Academic journal article Journal for Early Modern Cultural Studies

THE PICTURE OF NATURE: Seventeenth-Century English Aesop's Fables

Academic journal article Journal for Early Modern Cultural Studies

THE PICTURE OF NATURE: Seventeenth-Century English Aesop's Fables

Article excerpt

"Who painted the leon, tel me who?"

- Chaucer (line 698)

1

Critical attention to Aesop's fables in early modern England has usually focused on the political uses of the tales. Most of the stories in the Aesopic collection are about inequitable power relationships, usually prey and predator or slave and master, and they have always served as a means to explore power relations and put forth partisan positions and arguments. Annabel Patterson, Jayne Elizabeth Lewis, and Mark Loveridge have shown that the printed fables (and the life of Aesop, the hunchbacked African slave, that accompanied most editions of the tales) performed these functions during the early modern period, from the end of the fifteenth through the eighteenth centuries. The political edge of the fables is particularly pronounced in the late seventeenth-century Aesops, which were published within a period of political conflict for an audience with an appetite for political analysis, allegory, and opinion. Both of the men responsible for the late seventeenth-century Aesops, John Ogilby and Francis Barlow, were involved with contemporary politics, even if their commitments were as much shaped by professional and commercial opportunities as they were by principle or ideology: Ogilby was a royalist polemicist, and Barlow published a set of prints supporting the Whig cause during the Popish Plot and its aftermath. While it is probably true, as is often said, that the fables have not received critical attention equal to their level of popularity and ideological importance in early modern culture, the quality and thoroughness of existing studies offer an excellent grounding in the cultural importance and impact of the verbal texts of Aesop's fables in early modern England.

I emphasize verbal texts because these critics pay little attention to Aesopic illustration. As I will discuss below, only some Aesops were illustrated -but the tradition of English and continental Aesopic illustration is nonetheless important, and both Ogilby's and Barlow's Aesops, certainly the most significant English Aesops of the early modern period, are generously illustrated. The unspoken presumption in the criticism seems to be that the pictures have little to say that is not already said in words: that they are, that is, illustrations in the sense that they are pictorial elucidations or embellishments to texts whose primary dimension is verbal. I will argue in this essay that the illustrations deserve analysis as a distinct form of representation, and that they offered meanings that were independent of the words they accompany for their audiences. The realm of knowledge to which these meanings belong is distinct from that which the verbal meanings belong: while the verbal texts express political values and opinions, as is traditional to the fable genre, the illustrations are not about politics in a partisan, ideological, or theoretical sense. Instead, the illustrations are primarily concerned with defining and depicting animals, especially animals in nature. These are topics that we understand, with the aid of hindsight, to be political, but in the seventeenth century they were not part of the particular political debates (about institutions, individuals, and issues such as religious tolerance), with which the verbal texts of the fables engaged.
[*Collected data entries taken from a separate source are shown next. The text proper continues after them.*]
lemma average_over_intersection_patterns:
  fixes z :: "nat \<Rightarrow> nat \<Rightarrow> real"
  assumes "2 * m \<le> n" and z0: "\<And>c. z c 0 = 0"
  shows "(\<Sum>js\<in>dtuples n (2*m). \<Sum>ks\<in>dtuples n m.
            z (card (set ks \<inter> set (take m js)) + card (set ks \<inter> set (drop m js)))
              (card (set ks \<inter> set (take m js))))
           / (real (ffall n (2*m)) * real (ffall n m))
       = (\<Sum>c=1..m. real ((n - m) choose (2*m - c)) * real (m choose c) *
            (\<Sum>j=1..c. real (c choose j) * real ((2*m - c) choose (m - j)) * z c j))
           / (real (n choose (2*m)) * real ((2*m) choose m))"
proof -
  define w where "w c j = real (fact m * ((m choose j) * (m choose (c - j)) * ((n - 2*m) choose (m - c))))"
    for c j
  define B where "B c j = real ((n - m) choose (2*m - c)) * real (m choose c)
      * real (c choose j) * real ((2*m - c) choose (m - j)) / (real (n choose (2*m)) * real ((2*m) choose m))"
    for c j
  have "set (take m js) \<subseteq> {..<n}" "set (drop m js) \<subseteq> {..<n}" "set (take m js) \<inter> set (drop m js) = {}"
    "card (set (take m js)) = m" "card (set (drop m js)) = m" if "js \<in> dtuples n (2*m)" for js
    using dtuples_take_drop[of js n m m] that by (auto simp: mult_2 dtuples_def distinct_card)
  note inner = sum_dtuples_by_intersection_pattern[where z=z, OF this assms, folded w_def]
  have "(\<Sum>js\<in>dtuples n (2*m). \<Sum>ks\<in>dtuples n m.
            z (card (set ks \<inter> set (take m js)) + card (set ks \<inter> set (drop m js)))
              (card (set ks \<inter> set (take m js))))
           / (real (ffall n (2*m)) * real (ffall n m))
      = (\<Sum>c=1..m. \<Sum>j=1..c. w c j * z c j) / real (ffall n m)"
    using card_dtuples[of "2*m" n] ffall_pos[of "2*m" n] assms(1) by (simp add: inner)
  also have "\<dots> = (\<Sum>c=1..m. \<Sum>j=1..c. B c j * z c j)"
  proof -
    have wB: "w c j / real (ffall n m) = B c j" if "c \<in> {1..m}" "j \<in> {1..c}" for c j
      using pattern_count_div_ffall[of j c m n] that assms(1) by (simp add: w_def B_def mult.assoc)
    then show ?thesis
      unfolding sum_divide_distrib by (intro sum.cong refl) (simp add: flip: wB)
  qed
  also have "\<dots> = (\<Sum>c=1..m. real ((n - m) choose (2*m - c)) * real (m choose c) *
            (\<Sum>j=1..c. real (c choose j) * real ((2*m - c) choose (m - j)) * z c j))
           / (real (n choose (2*m)) * real ((2*m) choose m))"
    by (simp add: B_def sum_divide_distrib sum_distrib_left ac_simps)
  finally show ?thesis .
qed

section \<open>Kernels evaluated along index tuples\<close>

definition kernel_at :: "nat \<Rightarrow> ((nat \<Rightarrow> 'e) \<Rightarrow> real) \<Rightarrow> nat list \<Rightarrow> (nat \<Rightarrow> 'e) \<Rightarrow> real" where
  "kernel_at m h S x = h (\<lambda>l\<in>{..<m}. x (S ! l))"

definition depends_only_on :: "'i set \<Rightarrow> (('i \<Rightarrow> 'e) \<Rightarrow> 'b) \<Rightarrow> bool" where
  "depends_only_on K F \<longleftrightarrow> (\<forall>x y. (\<forall>l\<in>K. x l = y l) \<longrightarrow> F x = F y)"

lemma depends_only_on_mono: "K1 \<subseteq> K2 \<Longrightarrow> depends_only_on K1 F \<Longrightarrow> depends_only_on K2 F"
  unfolding depends_only_on_def by blast

lemma depends_only_on_mult:
  fixes F G :: "('i \<Rightarrow> 'e) \<Rightarrow> 'b::times"
  assumes "depends_only_on K F" "depends_only_on K G"
  shows "depends_only_on K (\<lambda>x. F x * G x)"
  unfolding depends_only_on_def
proof (intro allI impI)
  fix x y :: "'i \<Rightarrow> 'e" assume "\<forall>l\<in>K. x l = y l"
  then have "F x = F y" "G x = G y"
    using assms unfolding depends_only_on_def by blast+
  then show "F x * G x = F y * G y" by simp
qed

lemma happ_cong: "(\<And>l. l < m \<Longrightarrow> x l = x' l) \<Longrightarrow> happ m h x = happ m h x'"
  unfolding happ_def by (intro arg_cong[where f=h]) (auto simp: fun_eq_iff)

lemma kernel_at_cong:
  "length S = m \<Longrightarrow> (\<And>l. l \<in> set S \<Longrightarrow> x l = x' l) \<Longrightarrow> kernel_at m h S x = kernel_at m h S x'"
  unfolding kernel_at_def by (intro arg_cong[where f=h]) (auto simp: fun_eq_iff)

lemma depends_only_on_kernel_at:
  "length S = m \<Longrightarrow> set S \<subseteq> K \<Longrightarrow> depends_only_on K (\<lambda>x. kernel_at m h S x - c)"
  unfolding depends_only_on_def using kernel_at_cong by (metis subsetD)

lemma kernel_at_restrict:
  "(\<And>l. l < m \<Longrightarrow> S ! l \<in> I) \<Longrightarrow> kernel_at m h S (restrict x I) = kernel_at m h S x"
  unfolding kernel_at_def by (intro arg_cong[where f=h]) (auto simp: fun_eq_iff)

lemma kernel_at_measurable:
  assumes "h \<in> borel_measurable (PiM {..<m} (\<lambda>_. N))" and "\<And>l. l < m \<Longrightarrow> S ! l \<in> I"
  shows "kernel_at m h S \<in> borel_measurable (PiM I (\<lambda>_. N))"
proof -
  have "(\<lambda>x. \<lambda>l\<in>{..<m}. x (S ! l)) \<in> measurable (PiM I (\<lambda>_. N)) (PiM {..<m} (\<lambda>_. N))"
    using assms(2) by (intro measurable_restrict measurable_component_singleton) auto
  from measurable_comp[OF this assms(1)] show ?thesis
    unfolding kernel_at_def[abs_def] by (simp add: comp_def)
qed

lemma happ_prefix_measurable:
  assumes "h \<in> borel_measurable (PiM {..<m} (\<lambda>_. N))" and a: "\<And>l. l < c \<Longrightarrow> a l \<in> space N"
  shows "(\<lambda>z. happ m h (\<lambda>l. if l < c then a l else z l)) \<in> borel_measurable (PiM {c..<m} (\<lambda>_. N))"
proof -
  have "(\<lambda>z. \<lambda>l\<in>{..<m}. if l < c then a l else z l) \<in> measurable (PiM {c..<m} (\<lambda>_. N)) (PiM {..<m} (\<lambda>_. N))"
  proof (intro measurable_restrict)
    fix l assume "l \<in> {..<m}"
    then show "(\<lambda>z. if l < c then a l else z l) \<in> measurable (PiM {c..<m} (\<lambda>_. N)) N"
      using a by (cases "l < c") (auto intro!: measurable_component_singleton)
  qed
  from measurable_comp[OF this assms(1)] show ?thesis
    unfolding happ_def by (simp add: comp_def)
qed

lemma kernel_at_permute:
  assumes "symmetric_kernel m N h"
    and S: "distinct S" "length S = m" and S': "distinct S'" "length S' = m" and "set S = set S'"
    and x: "\<And>l. l \<in> set S \<Longrightarrow> x l \<in> space N"
  shows "kernel_at m h S x = kernel_at m h S' x"
proof -
  obtain p where p: "p permutes {..<m}" "permute_list p S' = S"
  proof (rule mset_eq_permutation)
    show "mset S = mset S'"
      using S S' \<open>set S = set S'\<close> by (simp add: set_eq_iff_mset_eq_distinct)
  qed (use S' in simp)
  define x0 where "x0 = (\<lambda>l\<in>{..<m}. x (S' ! l))"
  have "x0 \<in> space (PiM {..<m} (\<lambda>_. N))"
    using x S' \<open>set S = set S'\<close> by (auto simp: x0_def space_PiM PiE_iff)
  then have "h (\<lambda>l\<in>{..<m}. x0 (p l)) = h x0"
    using assms(1) p(1) unfolding symmetric_kernel_def by blast
  moreover have "(\<lambda>l\<in>{..<m}. x0 (p l)) = (\<lambda>l\<in>{..<m}. x (S ! l))"
    using p S' permutes_in_image[OF p(1)]
    by (auto simp: x0_def fun_eq_iff permute_list_nth[symmetric])
  ultimately show ?thesis by (simp add: kernel_at_def x0_def)
qed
If it seems odd to say that the illustrations to seventeenth-century English Aesops are not about politics even though the texts are, it is even more odd to say that the verbal fables-the majority of which feature animal characters-are not about animals, even if the illustrations are. But Erica Fudge, whose work on the representation of animals in early modern culture is widely respected, argues just that: "The real animal," writes Fudge, "is clearly absent from Aesopic works" (73). Fudge's reasoning is sound: the animal characters in the verbal fables are types of human, which is why they can talk, often walk upright, and have relations with each other that are more social than natural. …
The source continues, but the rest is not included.